Twin City's binder for the 01-02 Program provides that it will follow the terms and conditions of the November 29, 2001 e-mail. Stephen Guglielmo, a Twin City underwriter, testified that Enron's demise caused him concern about the renewal of JPMC's policy because of the possible exposure to an Enron claim, and that as he recalls, Enron claims were going to be noticed for the 97-01 policy and excluded from the 01-02 policy which gave him "some comfort in being part of an ongoing program with JPMorgan Chase."

On November 29, 2001 at 9 P.M., three hours before the 97-01 policy was to expire, JPMC sent the following e-mail to Twin City through its broker, Marsh:

"On November 28th 2001 it was announced that various credit agencies had downgraded Enron, Inc. debt to junk status. In addition it was announced that merger discussions with Dynegy, Inc. had been terminated. In light of this situation J.P. Morgan Chase & Co. released a statement disclosing that it has approximately $500 million of unsecured exposure to various Enron entities, including loans, letters of credit and derivatives. It was also confirmed that it has additional exposures of $400 million secured by the Transwestern and Northern Natural pipelines.
J.P. Morgan Chase & Co. and its subsidiaries and affiliates, and their directors and officers ("JP Morgan Chase") have an extensive relationship with Enron which includes, but is not necessarily limited to, lending, merger & acquisition advisory services, restructuring advisory services, various SWAPS transactions, purchaser of gas/energy and serving as indenture trustee for Enron's public debt. While we have not received notice of any claim or potential claim at this time[,] it is anticipated that we may be named in litigation expected to arise out of the financial difficulties of Enron as a result of the relationship described above."
Fifteen minutes later, JPMC, again through Marsh, sent another e-mail which advised "please disregard the earlier email regarding this matter." The second e-mail contained the language quoted above, but with the following language added:

"Such litigation could include, among other things, allegations of breaches of fiduciary duty, aiding and abetting breaches of fiduciary duty, errors and omissions, securities fraud, negligence (including gross negligence), fraudulent conveyance, equitable subordination and misrepresentation.
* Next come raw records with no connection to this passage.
lemma equiv_envel_rel:
  assumes tpa: "top_partial_action G W D th"
  shows "equiv (carrier G \<times> topspace W) (envel_rel G W D th)"
proof (rule equivI)
  show "envel_rel G W D th \<subseteq> (carrier G \<times> topspace W) \<times> (carrier G \<times> topspace W)"
    by (auto simp: envel_rel_def)
next
  show "refl_on (carrier G \<times> topspace W) (envel_rel G W D th)"
  proof (rule refl_onI, clarify)
    fix g x assume "g \<in> carrier G" "x \<in> topspace W"
    then show "((g, x), (g, x)) \<in> envel_rel G W D th"
      using top_partial_action_one[OF tpa] by (simp add: envel_rel_def)
  qed
next
  show "sym (envel_rel G W D th)"
  proof (rule symI)
    fix a b assume ab: "(a, b) \<in> envel_rel G W D th"
    obtain g x h y where ab_pairs: "a = (g, x)" "b = (h, y)"
      by (cases a, cases b)
    from ab ab_pairs have gh: "g \<in> carrier G" "h \<in> carrier G" and "x \<in> topspace W" "y \<in> topspace W"
      and x: "x \<in> D (inv (inv h \<otimes> g))" and y: "th (inv h \<otimes> g) x = y"
      by (auto simp: envel_rel_def inv_mult_group)
    moreover have "y \<in> D (inv h \<otimes> g)"
      using top_partial_action_in_domain[OF tpa _ x] gh y by simp
    moreover have "th (inv g \<otimes> h) y = x"
      using top_partial_action_inv_cancel[OF tpa _ x] gh y by (simp add: inv_mult_group)
    ultimately show "(b, a) \<in> envel_rel G W D th"
      using ab_pairs by (simp add: envel_rel_def)
  qed
next
  show "trans (envel_rel G W D th)"
  proof (rule transI)
    fix a b c assume ab: "(a, b) \<in> envel_rel G W D th" and bc: "(b, c) \<in> envel_rel G W D th"
    obtain g x h y l z where abc: "a = (g, x)" "b = (h, y)" "c = (l, z)"
      by (cases a, cases b, cases c)
    from ab bc abc have g: "g \<in> carrier G" and h: "h \<in> carrier G" and l: "l \<in> carrier G"
      and "x \<in> topspace W" "z \<in> topspace W"
      and x: "x \<in> D (inv (inv h \<otimes> g))" and y: "th (inv h \<otimes> g) x = y"
      and y': "y \<in> D (inv (inv l \<otimes> h))" and z: "th (inv l \<otimes> h) y = z"
      by (auto simp: envel_rel_def inv_mult_group)
    have "(inv l \<otimes> h) \<otimes> (inv h \<otimes> g) = inv l \<otimes> g"
      using g h l by (simp add: m_assoc[symmetric]) (simp add: m_assoc r_inv)
    moreover have "x \<in> D (inv ((inv l \<otimes> h) \<otimes> (inv h \<otimes> g)))
        \<and> th ((inv l \<otimes> h) \<otimes> (inv h \<otimes> g)) x = th (inv l \<otimes> h) (th (inv h \<otimes> g) x)"
      by (rule top_partial_action_mult[OF tpa _ _ x]) (use g h l y y' in simp_all)
    ultimately have "x \<in> D (inv (inv l \<otimes> g)) \<and> th (inv l \<otimes> g) x = z"
      using y z by simp
    then show "(a, c) \<in> envel_rel G W D th"
      using g l \<open>x \<in> topspace W\<close> \<open>z \<in> topspace W\<close> abc
      by (simp add: envel_rel_def inv_mult_group)
  qed
qed

lemma openin_envel_rel_Image:
  assumes tpa: "top_partial_action G W D th"
    and E: "openin (prod_topology (discrete_topology (carrier G)) W) E"
  shows "openin (prod_topology (discrete_topology (carrier G)) W) (envel_rel G W D th `` E)"
proof -
  let ?R = "envel_rel G W D th"
  have sym: "(q, p) \<in> ?R" if "(p, q) \<in> ?R" for p q
    using equiv_envel_rel[OF tpa] that by (meson equiv_def symD)
  have E_sub: "E \<subseteq> carrier G \<times> topspace W"
    using openin_subset[OF E] by simp
  have E_slice: "openin W {a. (g, a) \<in> E}" if "g \<in> carrier G" for g
    using E that openin_prod_discrete_topology_iff[OF E_sub] by blast
  have slice: "{b. (l, b) \<in> ?R `` E} =
      (\<Union>g\<in>carrier G. {b \<in> D (inv (inv g \<otimes> l)). th (inv g \<otimes> l) b \<in> {a. (g, a) \<in> E}})"
    if l: "l \<in> carrier G" for l
  proof (intro subset_antisym subsetI)
    fix b assume "b \<in> {b. (l, b) \<in> ?R `` E}"
    then obtain p where "p \<in> E" "(p, (l, b)) \<in> ?R"
      by blast
    moreover obtain g a where "p = (g, a)"
      by (cases p)
    ultimately have "(g, a) \<in> E" "((l, b), (g, a)) \<in> ?R"
      using sym by auto
    then show "b \<in> (\<Union>g\<in>carrier G. {b \<in> D (inv (inv g \<otimes> l)). th (inv g \<otimes> l) b \<in> {a. (g, a) \<in> E}})"
      using l by (auto simp: envel_rel_def inv_mult_group)
  next
    fix b assume "b \<in> (\<Union>g\<in>carrier G. {b \<in> D (inv (inv g \<otimes> l)). th (inv g \<otimes> l) b \<in> {a. (g, a) \<in> E}})"
    then obtain g where g: "g \<in> carrier G" and b: "b \<in> D (inv (inv g \<otimes> l))"
      and gE: "(g, th (inv g \<otimes> l) b) \<in> E"
      by blast
    have "b \<in> topspace W"
      using b g l top_partial_action_subset_topspace[OF tpa, of "inv (inv g \<otimes> l)"] by auto
    then have "((l, b), (g, th (inv g \<otimes> l) b)) \<in> ?R"
      using b g l gE E_sub by (auto simp: envel_rel_def inv_mult_group)
    then show "b \<in> {b. (l, b) \<in> ?R `` E}"
      using ImageI[OF sym gE] by simp
  qed
  have "openin W {b. (l, b) \<in> ?R `` E}" if l: "l \<in> carrier G" for l
  proof -
    have "openin W {b \<in> D (inv (inv g \<otimes> l)). th (inv g \<otimes> l) b \<in> {a. (g, a) \<in> E}}"
      if g: "g \<in> carrier G" for g
      by (rule openin_preimage_on_openin[OF top_partial_action_continuous[OF tpa]
            top_partial_action_openin[OF tpa] E_slice]) (use g l in simp_all)
    then show ?thesis
      unfolding slice[OF l] by blast
  qed
  moreover have "?R `` E \<subseteq> carrier G \<times> topspace W"
    by (auto simp: envel_rel_def)
  ultimately show ?thesis
    using openin_prod_discrete_topology_iff by blast
qed

lemma Hausdorff_enveloping_space_iff_closedin:
  assumes tpa: "top_partial_action G W D th"
  shows "Hausdorff_space (enveloping_space G W D th) \<longleftrightarrow>
    closedin (prod_topology (prod_topology (discrete_topology (carrier G)) W)
                            (prod_topology (discrete_topology (carrier G)) W))
      (envel_rel G W D th)"
proof -
  have "equiv (topspace (prod_topology (discrete_topology (carrier G)) W)) (envel_rel G W D th)"
    using equiv_envel_rel[OF tpa] by simp
  then show ?thesis
    unfolding enveloping_space_def
    using Hausdorff_quotient_if_closedin_equiv closedin_equiv_if_Hausdorff_quotient
      openin_envel_rel_Image[OF tpa] by blast
qed

lemma closedin_envel_rel:
  assumes tpa: "top_partial_action G W D th" and "Hausdorff_space W"
    and closed: "\<And>g. g \<in> carrier G \<Longrightarrow> closedin W (D g)"
  shows "closedin (prod_topology (prod_topology (discrete_topology (carrier G)) W)
                                 (prod_topology (discrete_topology (carrier G)) W))
      (envel_rel G W D th)"
proof (rule closedin_prod_discrete_topology_square)
  show "envel_rel G W D th \<subseteq> topspace (prod_topology (prod_topology (discrete_topology (carrier G)) W)
                                 (prod_topology (discrete_topology (carrier G)) W))"
    by (auto simp: envel_rel_def)
next
  fix g h assume g: "g \<in> carrier G" and h: "h \<in> carrier G"
  let ?k = "inv h \<otimes> g"
  have k: "?k \<in> carrier G" and inv_k: "inv ?k = inv g \<otimes> h"
    using g h by (simp_all add: inv_mult_group)
  have "{(a, b). ((g, a), (h, b)) \<in> envel_rel G W D th} = (\<lambda>a. (a, th ?k a)) ` D (inv ?k)"
    using g h top_partial_action_subset_topspace[OF tpa, of "inv ?k"]
      top_partial_action_in_topspace[OF tpa k]
    by (auto simp: envel_rel_def inv_k)
  moreover have "closedin (prod_topology W W) ((\<lambda>a. (a, th ?k a)) ` D (inv ?k))"
    using closed k assms(2) top_partial_action_continuous[OF tpa k]
    by (intro closedin_graph_on_closedin) auto
  ultimately show "closedin (prod_topology W W) {(a, b). ((g, a), (h, b)) \<in> envel_rel G W D th}"
    by simp
qed

text \<open>The domain is the projection of a closed subset of \<open>Y \<times> Y\<close>. Since \<open>W\<close> itself need not
  be compact (it will be \<open>C(X, Y)\<close>), the compact space \<open>Y\<close> is mapped into \<open>W\<close> by \<open>c\<close>.\<close>
lemma closedin_domain_if_closedin_envel_rel:
  assumes tpa: "top_partial_action G W D th"
    and closed: "closedin (prod_topology (prod_topology (discrete_topology (carrier G)) W)
                                          (prod_topology (discrete_topology (carrier G)) W))
                   (envel_rel G W D th)"
    and "compact_space Y" and c: "continuous_map Y W c" and h: "h \<in> carrier G"
    and c_stable: "\<And>y. y \<in> topspace Y \<Longrightarrow> c y \<in> D h \<Longrightarrow> th (inv h) (c y) \<in> c ` topspace Y"
  shows "closedin Y {y \<in> topspace Y. c y \<in> D h}"
proof -
  let ?P = "prod_topology (discrete_topology (carrier G)) W"
  let ?f = "\<lambda>z. ((\<one>, c (fst z)), (h, c (snd z)))"
  let ?S = "{z \<in> topspace (prod_topology Y Y). ?f z \<in> envel_rel G W D th}"
  have "continuous_map (prod_topology Y Y) (prod_topology ?P ?P) ?f"
    using h continuous_map_compose[OF continuous_map_fst c] continuous_map_compose[OF continuous_map_snd c]
    by (intro continuous_map_pairedI) (simp_all add: o_def)
  then have "closedin (prod_topology Y Y) ?S"
    using closed by (rule closedin_continuous_map_preimage)
  then have "closedin Y (fst ` ?S)"
    using closed_map_fst[OF assms(3), of Y] unfolding closed_map_def by blast
  moreover have "fst ` ?S = {y \<in> topspace Y. c y \<in> D h}"
  proof (intro subset_antisym subsetI)
    fix y assume "y \<in> fst ` ?S"
    then show "y \<in> {y \<in> topspace Y. c y \<in> D h}"
      using h by (auto simp: envel_rel_def)
  next
    fix y assume y: "y \<in> {y \<in> topspace Y. c y \<in> D h}"
    then obtain y' where y': "y' \<in> topspace Y" "th (inv h) (c y) = c y'"
      using c_stable by fastforce
    have "c y \<in> topspace W" "c y' \<in> topspace W"
      using y y'(1) c continuous_map_image_subset_topspace by blast+
    then have "(y, y') \<in> ?S"
      using y y' h by (auto simp: envel_rel_def)
    then show "y \<in> fst ` ?S"
      by force
  qed
  ultimately show ?thesis
    by simp
qed

end

section \<open>The compact-open topology and the induced action\<close>

lemma cmaps_in_compact_open_subbasis:
  "cmaps X Y \<in> {{f \<in> cmaps X Y. f ` K \<subseteq> U} | K U. compactin X K \<and> openin Y U}"
  by (rule CollectI, rule exI[of _ "{}"], rule exI[of _ "topspace Y"]) auto

lemma topspace_compact_open: "topspace (compact_open X Y) = cmaps X Y"
  using cmaps_in_compact_open_subbasis
  unfolding compact_open_def topology_generated_by_topspace by blast

lemma openin_compact_open:
  assumes "compactin X K" "openin Y U"
  shows "openin (compact_open X Y) {f \<in> cmaps X Y. f ` K \<subseteq> U}"
  unfolding compact_open_def by (rule topology_generated_by_Basis) (use assms in blast)

lemma continuous_map_into_compact_open:
  assumes "F ` topspace Z \<subseteq> cmaps X Y"
    and "\<And>K U. compactin X K \<Longrightarrow> openin Y U \<Longrightarrow> openin Z {z \<in> topspace Z. F z ` K \<subseteq> U}"
  shows "continuous_map Z (compact_open X Y) F"
  unfolding compact_open_def
proof (rule continuous_on_generated_topo)
  fix B assume "B \<in> {{f \<in> cmaps X Y. f ` K \<subseteq> U} | K U. compactin X K \<and> openin Y U}"
  then obtain K U where B: "B = {f \<in> cmaps X Y. f ` K \<subseteq> U}" "compactin X K" "openin Y U"
    by blast
  have "F -` B \<inter> topspace Z = {z \<in> topspace Z. F z ` K \<subseteq> U}"
    using assms(1) unfolding B(1) by auto
  then show "openin Z (F -` B \<inter> topspace Z)"
    using assms(2)[OF B(2,3)] by simp
next
  show "F ` topspace Z \<subseteq> \<Union>{{f \<in> cmaps X Y. f ` K \<subseteq> U} | K U. compactin X K \<and> openin Y U}"
    using assms(1) cmaps_in_compact_open_subbasis by blast
qed

lemma cmaps_in_topspace: "f \<in> cmaps X Y \<Longrightarrow> x \<in> topspace X \<Longrightarrow> f x \<in> topspace Y"
  by (auto simp: cmaps_def)

lemma cmaps_extensional: "f \<in> cmaps X Y \<Longrightarrow> f \<in> extensional (topspace X)"
  by (auto simp: cmaps_def PiE_def)

lemma Hausdorff_space_compact_open:
  assumes "Hausdorff_space Y"
  shows "Hausdorff_space (compact_open X Y)"
  unfolding Hausdorff_space_def topspace_compact_open
proof (intro allI impI, elim conjE)
  fix f g assume f: "f \<in> cmaps X Y" and g: "g \<in> cmaps X Y" and "f \<noteq> g"
  then obtain x where x: "x \<in> topspace X" "f x \<noteq> g x"
    using extensionalityI[OF cmaps_extensional cmaps_extensional] by metis
  then obtain U V where UV: "openin Y U" "openin Y V" "f x \<in> U" "g x \<in> V" "disjnt U V"
    using assms cmaps_in_topspace[OF f] cmaps_in_topspace[OF g] unfolding Hausdorff_space_def
    by metis
  have K: "compactin X {x}"
    using x by simp
  show "\<exists>U V. openin (compact_open X Y) U \<and> openin (compact_open X Y) V \<and> f \<in> U \<and> g \<in> V
      \<and> disjnt U V"
  proof (intro exI conjI)
    show "openin (compact_open X Y) {h \<in> cmaps X Y. h ` {x} \<subseteq> U}"
      by (rule openin_compact_open[OF K UV(1)])
    show "openin (compact_open X Y) {h \<in> cmaps X Y. h ` {x} \<subseteq> V}"
      by (rule openin_compact_open[OF K UV(2)])
    show "disjnt {h \<in> cmaps X Y. h ` {x} \<subseteq> U} {h \<in> cmaps X Y. h ` {x} \<subseteq> V}"
      using UV(5) by (auto simp: disjnt_def)
  qed (use f g UV in auto)
qed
While JP Morgan Chase would vigorously contest the validity of any such claims, and has no actual knowledge of such acts, we believe that all of the foregoing constitute Wrongful Acts that could give rise to a claim under the policy."
Twin City responded on November 30, 2001 with a letter acknowledging receipt of the correspondence, informing Marsh of the name of the individual assigned to the matter, and stating that "[i]n the meantime all rights and defenses afforded under any applicable policy, at law, or in equity should be considered reserved." On January 17, 2002, Lloyd's accepted the notice "as notice of a potential claim under the BPL [Bankers Professional Liability] section of the [p]olicy." Subsequently, other insurers did so as well. Only one excess insurer, American International Specialty Lines Insurance Company (AISLIC), asserted that the notice was deficient. AISLIC, which was a defendant in this lawsuit, ultimately settled with JPMC for its Enron claims under the 97-01 program after the motion court denied its motion for an order dismissing the complaint pursuant to CPLR 3211 (a)(1) and (7).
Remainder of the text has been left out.